With the heavyweight division being dominated by the Ukrainian Klitschko brothers, Wilder is trying to become the first U.S.-born fighter to hold a heavyweight crown since 2007, when Shannon Briggs briefly wore the WBO’s belt.

In 2006, Hasim Rahman held the WBC strap while the IBF title was around the waist of Chris Byrd. Puerto Rican-American John Ruiz, the first Latino to win a heavyweight belt, held the WBA title from 2001 to 2005.

Vitali Klitschko is coming off a unanimous decision over Dereck Chisora in March that represented his 12th straight win and his ninth stoppage during that run. Vitali’s last loss was more than nine years ago by disputed sixth-round technical stoppage (on cuts) to Lennox Lewis in June of 2003. Vitali, who will next face Manuel Charr (21-0, 11 KOs) on Sept. 8, turned 41 on July 19.

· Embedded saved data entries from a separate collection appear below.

lemma unitary2_mat1: "unitary2 (mat 1)"
  unfolding unitary2_def mat2_eq_iff
  by (simp add: conj_transpose_def matrix_matrix_mult_def sum_2 mat_def)

lemma unitary2_reflection: "unitary2 (symmat2 (-1) 0 1)"
  unfolding unitary2_def mat2_eq_iff
  by (simp add: symmat2_def conj_transpose_def matrix_matrix_mult_def sum_2 mat_def)

lemma reflection_diag: "symmat2 (-1) 0 1 ** symmat2 x 0 y ** mat 1 = symmat2 (-x) 0 y"
  unfolding mat2_eq_iff
  by (simp add: symmat2_def matrix_matrix_mult_def sum_2 mat_def)

lemma symmat2_diag_lincomb:
  "symmat2 (t*x + s*x') 0 (t*y + s*y') =
     cscale2 (of_real t) (symmat2 x 0 y) + cscale2 (of_real s) (symmat2 x' 0 y')"
  unfolding mat2_eq_iff by (simp add: symmat2_def cscale2_def)

definition diag_norm2 :: "(complex^2^2 \<Rightarrow> real) \<Rightarrow> real \<Rightarrow> real \<Rightarrow> real" where
  "diag_norm2 N x y = N (symmat2 x 0 y)"

lemma diag_norm2_convex:
  assumes "is_matrix_norm2 N" and "0 \<le> t" "t \<le> 1"
  shows "diag_norm2 N (t*x + (1 - t)*x') (t*y + (1 - t)*y')
           \<le> t * diag_norm2 N x y + (1 - t) * diag_norm2 N x' y'"
proof -
  have "diag_norm2 N (t*x + (1 - t)*x') (t*y + (1 - t)*y') =
          N (cscale2 (of_real t) (symmat2 x 0 y) + cscale2 (of_real (1 - t)) (symmat2 x' 0 y'))"
    unfolding diag_norm2_def by (simp add: symmat2_diag_lincomb)
  also have "\<dots> \<le> N (cscale2 (of_real t) (symmat2 x 0 y)) + N (cscale2 (of_real (1 - t)) (symmat2 x' 0 y'))"
    using assms(1) unfolding is_matrix_norm2_def by blast
  also have "\<dots> = t * diag_norm2 N x y + (1 - t) * diag_norm2 N x' y'"
  proof -
    have "cmod (of_real t) = t" "cmod (of_real (1 - t)) = 1 - t"
      using assms(2,3) by (simp_all only: norm_of_real)
    then show ?thesis using assms(1) unfolding is_matrix_norm2_def diag_norm2_def by metis
  qed
  finally show ?thesis .
qed

context
  fixes N :: "complex^2^2 \<Rightarrow> real"
  assumes UI: "unitarily_invariant_norm2 N"
begin

lemma norm_rotated_diag:
  assumes "p\<^sup>2 + q\<^sup>2 = 1"
  shows "N (symmat2 (x*p\<^sup>2 + y*q\<^sup>2) ((x - y)*p*q) (x*q\<^sup>2 + y*p\<^sup>2)) = diag_norm2 N x y"
proof -
  have "p\<^sup>2 + (-q)\<^sup>2 = 1" using assms by simp
  then show ?thesis
    using UI unitary2_rot2[OF assms] unitary2_rot2[of p "-q"] rot2_diag_rot2[of p q x y]
    unfolding unitarily_invariant_norm2_def diag_norm2_def by metis
qed

lemma diag_norm2_commute: "diag_norm2 N x y = diag_norm2 N y x"
  using norm_rotated_diag[of 0 1 x y] by (simp add: diag_norm2_def)

lemma diag_norm2_uminus: "diag_norm2 N (-x) y = diag_norm2 N x y"
  using UI unitary2_reflection unitary2_mat1 reflection_diag[of x y]
  unfolding unitarily_invariant_norm2_def diag_norm2_def by metis

lemma diag_norm2_mono_left:
  assumes "\<bar>u\<bar> \<le> v"
  shows "diag_norm2 N u w \<le> diag_norm2 N v w"
proof (cases "v = 0")
  case True
  then show ?thesis using assms by simp
next
  case False
  then have "v > 0" using assms by simp
  define t where "t = (v + u) / (2 * v)"
  have t: "0 \<le> t" "t \<le> 1" using assms \<open>v > 0\<close> by (auto simp: t_def field_simps)
  have "u = t * v + (1 - t) * (- v)" and "w = t * w + (1 - t) * w"
    using \<open>v > 0\<close> by (simp_all add: t_def field_simps)
  then have "diag_norm2 N u w = diag_norm2 N (t * v + (1 - t) * (- v)) (t * w + (1 - t) * w)"
    by simp
  also have "\<dots> \<le> t * diag_norm2 N v w + (1 - t) * diag_norm2 N (-v) w"
    using UI t unfolding unitarily_invariant_norm2_def by (intro diag_norm2_convex) auto
  also have "\<dots> = diag_norm2 N v w"
    by (simp add: diag_norm2_uminus algebra_simps)
  finally show ?thesis .
qed

lemma diag_norm2_mono_right:
  assumes "\<bar>u\<bar> \<le> v"
  shows "diag_norm2 N w u \<le> diag_norm2 N w v"
  using diag_norm2_mono_left[OF assms] diag_norm2_commute by metis

lemma diag_norm2_weak_majorization:
  assumes "0 \<le> x2" "x2 \<le> x1" "x1 \<le> y1" "x1 + x2 \<le> y1 + y2"
  shows "diag_norm2 N x1 x2 \<le> diag_norm2 N y1 y2"
proof (cases "x2 \<le> y2")
  case True
  have "diag_norm2 N x1 x2 \<le> diag_norm2 N y1 x2"
    using assms by (intro diag_norm2_mono_left) simp
  also have "\<dots> \<le> diag_norm2 N y1 y2"
    using assms True by (intro diag_norm2_mono_right) simp
  finally show ?thesis .
next
  case False
  \<comment> \<open>Raise \<open>x1\<close> until the sums agree; \<open>(y1 + y2 - x2, x2)\<close> is then a convex combination
      of \<open>(y1, y2)\<close> and its transposition.\<close>
  define t where "t = (y1 - x2) / (y1 - y2)"
  have "y2 < y1" using False assms by simp
  then have t: "0 \<le> t" "t \<le> 1" using False assms by (auto simp: t_def field_simps)
  have "t*(y1 - y2) = y1 - x2" using \<open>y2 < y1\<close> by (simp add: t_def)
  then have convex_comb: "y1 + y2 - x2 = t*y1 + (1 - t)*y2" "x2 = t*y2 + (1 - t)*y1"
    by (simp_all add: algebra_simps)
  have "diag_norm2 N x1 x2 \<le> diag_norm2 N (y1 + y2 - x2) x2"
    using assms by (intro diag_norm2_mono_left) simp
  also have "\<dots> = diag_norm2 N (t*y1 + (1 - t)*y2) (t*y2 + (1 - t)*y1)"
    using convex_comb by simp
  also have "\<dots> \<le> t * diag_norm2 N y1 y2 + (1 - t) * diag_norm2 N y2 y1"
    using UI t unfolding unitarily_invariant_norm2_def by (intro diag_norm2_convex) auto
  also have "\<dots> = diag_norm2 N y1 y2"
    by (simp add: diag_norm2_commute[of y2 y1] algebra_simps)
  finally show ?thesis .
qed
text \<open>The chart expression of \<open>(p, q) \<mapsto> -p + q\<close> is constant on the diagonal.\<close>
lemma lie_group_chart_neg_add_has_derivative:
  assumes G: "complex_lie_group B" and \<sigma>: "(\<sigma>, V) \<in> B" "0 \<in> V"
  obtains D where "((\<lambda>pq. \<sigma> (- inv_into V \<sigma> (fst pq) + inv_into V \<sigma> (snd pq))) has_derivative D)
      (at (\<sigma> 0, \<sigma> 0))"
    and "\<And>h. D (h, h) = 0"
proof -
  have B: "complex_atlas B" using G by (rule lie_group_atlas)
  have V: "is_chart \<sigma> V" using B \<sigma>(1) by (rule atlas_chart)
  define M where "M = (\<lambda>pq. \<sigma> (- inv_into V \<sigma> (fst pq) + inv_into V \<sigma> (snd pq)))"
  have e: "\<sigma> 0 \<in> \<sigma> ` V" using \<sigma>(2) by simp
  note \<sigma>' = holo_map_at_inv_chart[OF B \<sigma>(1) e]
  have "holo_map_at pair_cscale B (\<lambda>pq. inv_into V \<sigma> (fst pq)) (\<sigma> 0, \<sigma> 0)"
    by (rule holo_map_at_compose_holo_at[OF _ holo_at_fst]) (simp add: \<sigma>')
  moreover have "holo_map_at pair_cscale B (\<lambda>pq. inv_into V \<sigma> (snd pq)) (\<sigma> 0, \<sigma> 0)"
    by (rule holo_map_at_compose_holo_at[OF _ holo_at_snd]) (simp add: \<sigma>')
  ultimately have "holo_map_at pair_cscale B
      (\<lambda>pq. - inv_into V \<sigma> (fst pq) + inv_into V \<sigma> (snd pq)) (\<sigma> 0, \<sigma> 0)"
    by (intro holo_map_at_add[OF G] holo_map_at_uminus[OF G])
  from holo_map_at_chart[OF this \<sigma>(1)] have "holo_at pair_cscale cscale M (\<sigma> 0, \<sigma> 0)"
    using \<sigma>(2) by (simp add: M_def)
  then obtain D where D: "(M has_derivative D) (at (\<sigma> 0, \<sigma> 0))"
    by (elim holo_atE)
  have "((\<lambda>p. M (p, p)) has_derivative (\<lambda>h. D (h, h))) (at (\<sigma> 0))"
    using diff_chain_at[OF has_derivative_Pair[OF has_derivative_ident has_derivative_ident] D]
    by (simp add: o_def)
  moreover have "((\<lambda>p. M (p, p)) has_derivative (\<lambda>_. 0)) (at (\<sigma> 0))"
    by (rule has_derivative_transform_within_open[OF has_derivative_const is_chartD(2)[OF V] e])
       (simp add: M_def)
  ultimately have "(\<lambda>h. D (h, h)) = (\<lambda>_. 0)"
    by (rule has_derivative_unique)
  then have "D (h, h) = 0" for h
    by (rule fun_cong)
  with D show ?thesis
    unfolding M_def by (rule that)
qed
lemma kernel_avg_affine_approx:
  assumes \<beta>: "\<beta> > 0" and \<eta>: "\<eta> > 0" and cont: "continuous_on {0..} \<Phi>"
    and approx: "\<And>z. z \<ge> 0 \<Longrightarrow> \<bar>\<Phi> z - (a + b * (z - x))\<bar> \<le> W + L * (z - x)^2"
  shows "\<bar>kernel_avg \<beta> \<eta> k \<Phi> - (a + b * (real k / \<eta> - x))\<bar>
           \<le> W + L * ((real k ^ 2 + real k / \<beta>) / \<eta>^2 - 2 * x * (real k / \<eta>) + x^2)"
proof (cases "k = 0")
  case True
  thus ?thesis
    using approx[of 0] by (simp add: kernel_avg_def)
next
  case False
  hence k: "k > 0" by simp
  define I where "I = I_kernel \<beta> \<eta> k"
  define err where "err = (\<lambda>z. \<Phi> z - (a + b * (z - x)))"
  define M where "M = (real k ^ 2 + real k / \<beta>) / \<eta>^2 - 2 * x * (real k / \<eta>) + x^2"
  note moments = I_kernel_moments[OF \<beta> \<eta> k, folded I_def]
  have I_nonneg: "I z \<ge> 0" if "z \<in> {0<..}" for z
    using I_kernel_nonneg[OF \<beta> \<eta> k] that by (simp add: I_def)
  have "((\<lambda>z. W * I z + L * (I z * z^2) - 2 * L * x * (I z * z) + L * x^2 * I z)
      has_integral W * 1 + L * ((real k ^ 2 + real k / \<beta>) / \<eta>^2) - 2 * L * x * (real k / \<eta>)
        + L * x^2 * 1) {0<..}"
    by (intro has_integral_add has_integral_diff has_integral_mult_right moments)
  hence dominant: "((\<lambda>z. I z * (W + L * (z - x)^2)) has_integral W + L * M) {0<..}"
    by (simp add: M_def power2_eq_square algebra_simps)
  have err_bound: "norm (I z * err z) \<le> I z * (W + L * (z - x)^2)" if "z \<in> {0<..}" for z
    using I_nonneg[OF that] approx[of z] that by (simp add: err_def abs_mult mult_left_mono)
  have "continuous_on {0<..} (\<lambda>z. I z * err z)"
    unfolding I_def err_def
    by (intro continuous_intros continuous_on_I_kernel[OF \<beta> \<eta> k] continuous_on_subset[OF cont]) auto
  hence "(\<lambda>z. I z * err z) absolutely_integrable_on {0<..}"
    using dominant err_bound
    by (intro measurable_bounded_by_integrable_imp_absolutely_integrable
          [where g = "\<lambda>z. I z * (W + L * (z - x)^2)"])
       (auto simp: sets_completionI_sets continuous_imp_measurable_on_sets_lebesgue)
  hence err_int: "((\<lambda>z. I z * err z) has_integral integral {0<..} (\<lambda>z. I z * err z)) {0<..}"
    by (auto simp: absolutely_integrable_on_def intro!: has_integral_integral)
  have "((\<lambda>z. I z * err z + (a * I z + b * (I z * z) - b * x * I z))
      has_integral integral {0<..} (\<lambda>z. I z * err z) + (a * 1 + b * (real k / \<eta>) - b * x * 1)) {0<..}"
    by (intro has_integral_add has_integral_diff has_integral_mult_right err_int moments)
  hence "kernel_avg \<beta> \<eta> k \<Phi> = integral {0<..} (\<lambda>z. I z * err z) + (a + b * (real k / \<eta> - x))"
    using k by (simp add: kernel_avg_def I_def[symmetric] err_def algebra_simps integral_unique)
  moreover have "norm (integral {0<..} (\<lambda>z. I z * err z)) \<le> integral {0<..} (\<lambda>z. I z * (W + L * (z - x)^2))"
    using err_int dominant err_bound by (intro integral_norm_bound_integral) auto
  ultimately show ?thesis
    using dominant by (simp add: M_def integral_unique)
qed
(* In the single-authority continuum model described in the context, fix a state $\omega$. An allocation $\mu$ is implemented by a quota policy if and only if it is also implemented by a monotone priority policy.
   Context: An authority allocates a resource of measure $q\in(0,1)$ to a continuum of agents with types $\theta=(s,m)\in[0,1]\times\mathcal M$ ($\mathcal M$ finite), whose measure in state $\omega$ has a density $f_\omega$. Allocations are measurable $\mu:\Theta\to\{0,1\}$ (equality of allocations understood up to measure zero). A priority policy $P$ assigns each type $(s,m)$ a priority $P(s,m)$; the priority mechanism allocates the resource in order of priorities until measure $q$ is allocated, ties broken uniformly at random. $P$ is monotone if $P(s,m)$ is strictly increasing in $s$ for each $m$. A quota policy $(Q,D)$ reserves measure $Q_m$ for group $m$, with $Q_R=q-\sum_mQ_m$ open to all, and a bijection (precedence order) $D:\mathcal M\cup\{R\}\to\{1,\dots,|\mathcal M|+1\}$; the quota mechanism allocates measure $Q_{D^{-1}(k)}$ to agents of group $D^{-1}(k)$ (to all agents if $D^{-1}(k)=R$) in ascending order of $k$, in descending order of score within each round; if there are too few agents of a group to fill its quota, the residual capacity is allocated in a final round open to all. *)

theory Defs
  imports "HOL-Analysis.Analysis"
begin

text \<open>The fixed state omega is implicit: f m s is the density f_omega(s, m) of agents
  of group m with score s.  Types with s outside [0,1] carry no mass.\<close>

definition type_space :: "(real \<times> 'm) set" where
  "type_space = {0..1} \<times> UNIV"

Klitschko’s 36-year-old brother, Wladimir Klitschko, recently earned his 16th consecutive win and his 12th stoppage victory during that time. Wladimir is coming off a sixth-round knockout of Tony “The Tiger” Thompson in a July 7 rematch of his 11th-round stoppage of Thompson in July of 2008.

Deas believes that the next American heavyweight titlewinner will be Wilder, whose dominance is more a result of the former Olympian’s ability rather than his opponents’ relative inability, according to the trainer.

“We are stepping up the competition and the opponents, because Deontay’s opponents, statistically, are better than Eddie Chambers’ and Tony Thompson’s and Seth Mitchell’s and on and on and on. Of the top 25 American heavyweights, look at all of their opponents through 24 fights. He’s fighting the same types of guys that all of these guys fought coming up,” said Deas.

“It’s just that with Deontay, his guys are statistically a little bit better. It’s one of these things where if Deontay was 24-0 with 16 knockouts, you wouldn’t hear a word. But it’s just because he’s 24-0 with 24 knockouts that everybody assumes that he’s not fighting anybody. But why isn’t anybody else knocking these guys out like this?”